Federal report offers insight into mortgage problems nationwide
A federal report on mortgage delinquencies provides several succinct insights into the state of “mortgage performance” around the country, with possibly the key insight being that more than 9 out of 10 mortgages remain current.
The Dec. 22 report from The Office of the Comptroller of the Currency and the Office of Thrift Supervision showed that while delinquencies, foreclosures in process, and other actions leading to home forfeiture continued to rise, newly initiated foreclosures dropped by 2.6 percent from the second to the third quarter of 2008.
Although still mild compared to other parts of the state and country, foreclosure activity in the Fort Smith area is increasing. November foreclosure numbers from Irvine, Calif.-based RealtyTrac found 116 foreclosure activities in the Fort Smith region in November 2008, a 45 percent increase from November 2007 and a 6.4 percent increase from October.
The number of new loan modifications increased 16 percent in the third quarter to more than 133,000, a sign that financial institutions are more aggressive in modifying loans to avoid foreclosures.
The bad news in the federal report is an increase in the number of modified loans that were 30- and 60-days delinquent.
“One very troubling point is that, whether measured using 30-day or 60-day delinquencies, re-default rates increased each month and showed no signs of leveling off after six months and even eight months,” said Comptroller of the Currency John C. Dugan. “This trend of increasing delinquencies underscores the need to understand why these modifications have not been more sustainable.”
The report provides loan-by-loan data in a standardized format for 35 million first-lien mortgages—worth more than $6.1 trillion—held or serviced by national banks and thrifts.
Other findings in the report include:
• The number of delinquent loans increased during the third quarter across all loan categories—prime, Alt-A, and subprime.

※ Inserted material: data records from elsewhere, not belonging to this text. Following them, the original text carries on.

lemma dot3_hom: "dot3 n u \<in> hom (Z3n n) (integer_mod_group 3)"
proof (rule homI)
  fix x show "dot3 n u x \<in> carrier (integer_mod_group 3)"
    by (simp add: dot3_def carrier_integer_mod_group)
next
  fix x y
  have "dot3 n u (x \<otimes>\<^bsub>Z3n n\<^esub> y) = (\<Sum>i<n. u i * ((x i + y i) mod 3)) mod 3"
    by (simp add: dot3_def)
  also have "\<dots> = (\<Sum>i<n. u i * ((x i + y i) mod 3) mod 3) mod 3"
    by (simp only: mod_sum_eq)
  also have "\<dots> = (\<Sum>i<n. u i * (x i + y i) mod 3) mod 3"
    by (simp only: mod_mult_right_eq)
  also have "\<dots> = (\<Sum>i<n. u i * (x i + y i)) mod 3"
    by (simp only: mod_sum_eq)
  also have "\<dots> = (dot3 n u x + dot3 n u y) mod 3"
    by (simp add: dot3_def distrib_left sum.distrib mod_add_eq)
  finally show "dot3 n u (x \<otimes>\<^bsub>Z3n n\<^esub> y) = dot3 n u x \<otimes>\<^bsub>integer_mod_group 3\<^esub> dot3 n u y"
    by simp
qed

lemma hom_Z3n_on_support:
  assumes f: "f \<in> hom (Z3n n) (integer_mod_group 3)"
  shows "m \<le> n \<Longrightarrow> x \<in> carrier (Z3n n) \<Longrightarrow> \<forall>i\<ge>m. x i = 0 \<Longrightarrow>
    f x = (\<Sum>i<m. x i * f (unit_vec i)) mod 3"
proof (induction m arbitrary: x)
  case 0
  then have "x = \<one>\<^bsub>Z3n n\<^esub>" by auto
  then show ?case
    using hom_one[OF f Z3n.is_group group_integer_mod_group] by simp
next
  case (Suc m)
  let ?y = "x(m := 0)" and ?z = "unit_vec m [^]\<^bsub>Z3n n\<^esub> nat (x m)"
  have m: "m < n" using Suc.prems(1) by simp
  have e: "unit_vec m \<in> carrier (Z3n n)" using unit_vec_in_carrier[OF m] .
  have xm: "int (nat (x m)) = x m" using Z3n_entry_bounds[OF Suc.prems(2)] by simp
  have y: "?y \<in> carrier (Z3n n)" using Suc.prems(2) by (auto simp: Z3n_carrier_iff)
  have z: "?z \<in> carrier (Z3n n)" using e by simp
  have "x = ?y \<otimes>\<^bsub>Z3n n\<^esub> ?z"
    using Z3n_entry_mod[OF Suc.prems(2)] xm by (auto simp: Z3n_pow unit_vec_def)
  then have "f x = f ?y \<otimes>\<^bsub>integer_mod_group 3\<^esub> f ?z"
    using hom_mult[OF f y z] by simp
  also have "f ?z = x m * f (unit_vec m) mod 3"
    using hom_nat_pow[OF f e Z3n.is_group group_integer_mod_group] xm by simp
  also have "f ?y = (\<Sum>i<m. ?y i * f (unit_vec i)) mod 3"
    by (rule Suc.IH[OF _ y]) (use Suc.prems in auto)
  also have "(\<Sum>i<m. ?y i * f (unit_vec i)) = (\<Sum>i<m. x i * f (unit_vec i))"
    by (rule sum.cong) auto
  finally show ?case by (simp add: mod_add_eq)
qed

lemma hom_Z3n_eq_dot3:
  assumes f: "f \<in> hom (Z3n n) (integer_mod_group 3)"
  obtains u where "u \<in> carrier (Z3n n)" "\<And>x. x \<in> carrier (Z3n n) \<Longrightarrow> f x = dot3 n u x"
proof
  let ?u = "\<lambda>i. if i < n then f (unit_vec i) else 0"
  show "?u \<in> carrier (Z3n n)"
  proof -
    have "f (unit_vec i) \<in> {0, 1, 2}" if "i < n" for i
      using hom_in_carrier[OF f unit_vec_in_carrier[OF that]]
      by (auto simp: carrier_integer_mod_group)
    then show ?thesis by (auto simp: Z3n_carrier_iff)
  qed
  fix x assume "x \<in> carrier (Z3n n)"
  then have "f x = (\<Sum>i<n. x i * f (unit_vec i)) mod 3"
    using hom_Z3n_on_support[OF f] by (simp add: Z3n_carrier_iff)
  then show "f x = dot3 n ?u x"
    by (simp add: dot3_def mult.commute)
qed

lemma hyperplane_inj:
  assumes u: "u \<in> carrier (Z3n n)" and v: "v \<in> carrier (Z3n n)"
    and eq: "hyperplane n u = hyperplane n v"
  shows "u = v"
proof
  fix j show "u j = v j"
  proof (cases "j < n")
    case False
    then show ?thesis using u v by (simp add: Z3n_carrier_iff)
  next
    case True
    have mem: "(\<lambda>i. if i = j then c else 0) \<in> hyperplane n w \<longleftrightarrow> (w j * c) mod 3 = 1"
      if "c \<in> {1, 2}" for c w
      using dot3_single[OF True] single_in_carrier_Z3n[OF True] that by (auto simp: hyperplane_def)
    have "u j mod 3 = 1 \<longleftrightarrow> v j mod 3 = 1" "(u j * 2) mod 3 = 1 \<longleftrightarrow> (v j * 2) mod 3 = 1"
      using mem[of 1 u] mem[of 1 v] mem[of 2 u] mem[of 2 v] eq by simp_all
    moreover have "u j \<in> {0, 1, 2}" "v j \<in> {0, 1, 2}"
      using u v True by (auto simp: Z3n_carrier_iff)
    ultimately show ?thesis by auto
  qed
qed

lemma dot3_attains_one:
  assumes u: "u \<in> carrier (Z3n n)" "u \<noteq> \<one>\<^bsub>Z3n n\<^esub>"
  obtains d where "d \<in> carrier (Z3n n)" "dot3 n u d = 1"
proof -
  obtain j where j: "j < n" "u j \<noteq> 0"
    using u by (auto simp: Z3n_carrier_iff fun_eq_iff) (meson not_le)
  then have uj: "u j \<in> {1, 2}" using u by (auto simp: Z3n_carrier_iff)
  show ?thesis
  proof
    show "(\<lambda>i. if i = j then u j else 0) \<in> carrier (Z3n n)"
      using single_in_carrier_Z3n[OF j(1)] uj by auto
    show "dot3 n u (\<lambda>i. if i = j then u j else 0) = 1"
      using dot3_single[OF j(1)] uj by auto
  qed
qed

lemma largest_sum_free_Z3n_iff:
  "sum_free (Z3n n) S \<and> 3 * card S = 3 ^ n \<longleftrightarrow>
     S \<in> hyperplane n ` (carrier (Z3n n) - {\<one>\<^bsub>Z3n n\<^esub>})"
proof
  assume "sum_free (Z3n n) S \<and> 3 * card S = 3 ^ n"
  then interpret largest_sum_free "Z3n n" S
    by unfold_locales (simp_all add: order_Z3n)
  obtain u where u: "u \<in> carrier (Z3n n)" and \<chi>_eq: "\<And>x. x \<in> carrier (Z3n n) \<Longrightarrow> \<chi> x = dot3 n u x"
    using hom_Z3n_eq_dot3[OF sum_free_char_hom] by blast
  have "S = {x \<in> carrier (Z3n n). \<chi> x = 1}" by (rule eq_level_set)
  also have "\<dots> = hyperplane n u" using \<chi>_eq by (auto simp: hyperplane_def)
  finally have S_eq: "S = hyperplane n u" .
  moreover have "u \<noteq> \<one>\<^bsub>Z3n n\<^esub>"
  proof
    assume "u = \<one>\<^bsub>Z3n n\<^esub>"
    then have "hyperplane n u = {}" by (simp add: hyperplane_def dot3_def)
    then show False using S_eq sum_free_S by (simp add: sum_free_def)
  qed
  ultimately show "S \<in> hyperplane n ` (carrier (Z3n n) - {\<one>\<^bsub>Z3n n\<^esub>})"
    using u by blast
next
  assume "S \<in> hyperplane n ` (carrier (Z3n n) - {\<one>\<^bsub>Z3n n\<^esub>})"
  then obtain u where u: "u \<in> carrier (Z3n n)" "u \<noteq> \<one>\<^bsub>Z3n n\<^esub>" and S: "S = hyperplane n u"
    by blast
  obtain d where "d \<in> carrier (Z3n n)" "dot3 n u d = 1"
    using dot3_attains_one[OF u] .
  from Z3n.level_set_largest_sum_free[OF dot3_hom this]
  show "sum_free (Z3n n) S \<and> 3 * card S = 3 ^ n"
    by (simp add: S hyperplane_def order_Z3n)
qed

theorem mainTheorem2:
  fixes n :: nat
  assumes "n \<ge> 1"
  shows "card {S. max_sum_free (Z3n n) S} = 3 ^ n - 1"
proof -
  let ?H = "carrier (Z3n n) - {\<one>\<^bsub>Z3n n\<^esub>}"
  have "unit_vec 0 \<in> ?H"
    using assms unit_vec_in_carrier[of 0 n] by (auto simp: unit_vec_def fun_eq_iff)
  then have T: "sum_free (Z3n n) (hyperplane n (unit_vec 0))"
      "3 * card (hyperplane n (unit_vec 0)) = order (Z3n n)"
    using largest_sum_free_Z3n_iff[of n "hyperplane n (unit_vec 0)"] by (simp_all add: order_Z3n)
  have "max_sum_free (Z3n n) S \<longleftrightarrow> S \<in> hyperplane n ` ?H" for S
    using Z3n.max_sum_free_iff[OF T] largest_sum_free_Z3n_iff by (simp add: order_Z3n)
  then have "{S. max_sum_free (Z3n n) S} = hyperplane n ` ?H" by blast
  moreover have "inj_on (hyperplane n) ?H"
    using hyperplane_inj by (meson DiffD1 inj_onI)
  ultimately show ?thesis
    using Z3n.one_closed[of n] by (simp add: card_image card_Diff_singleton card_carrier_Z3n)
qed

end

• More than nine out of 10 mortgages remained current, but the percentage of current and performing mortgages fell from 93.33 percent at the end of the first quarter to 91.47 percent at the end of the third quarter.
• The number of newly initiated home retention actions — loan modifications and payment plans — increased by 13 percent from the second quarter to the third quarter.
• Loans held on the books of servicing banks and thrifts had the lowest re-default rates at 35.06 percent after three months, and 50.86 percent after six months, compared with loans serviced on behalf of third parties. The lower re-default rate for loans held by servicers may suggest that there is greater flexibility to modify loans in more sustainable ways when loans are held on a servicer’s own books than when loans have been sold to third parties.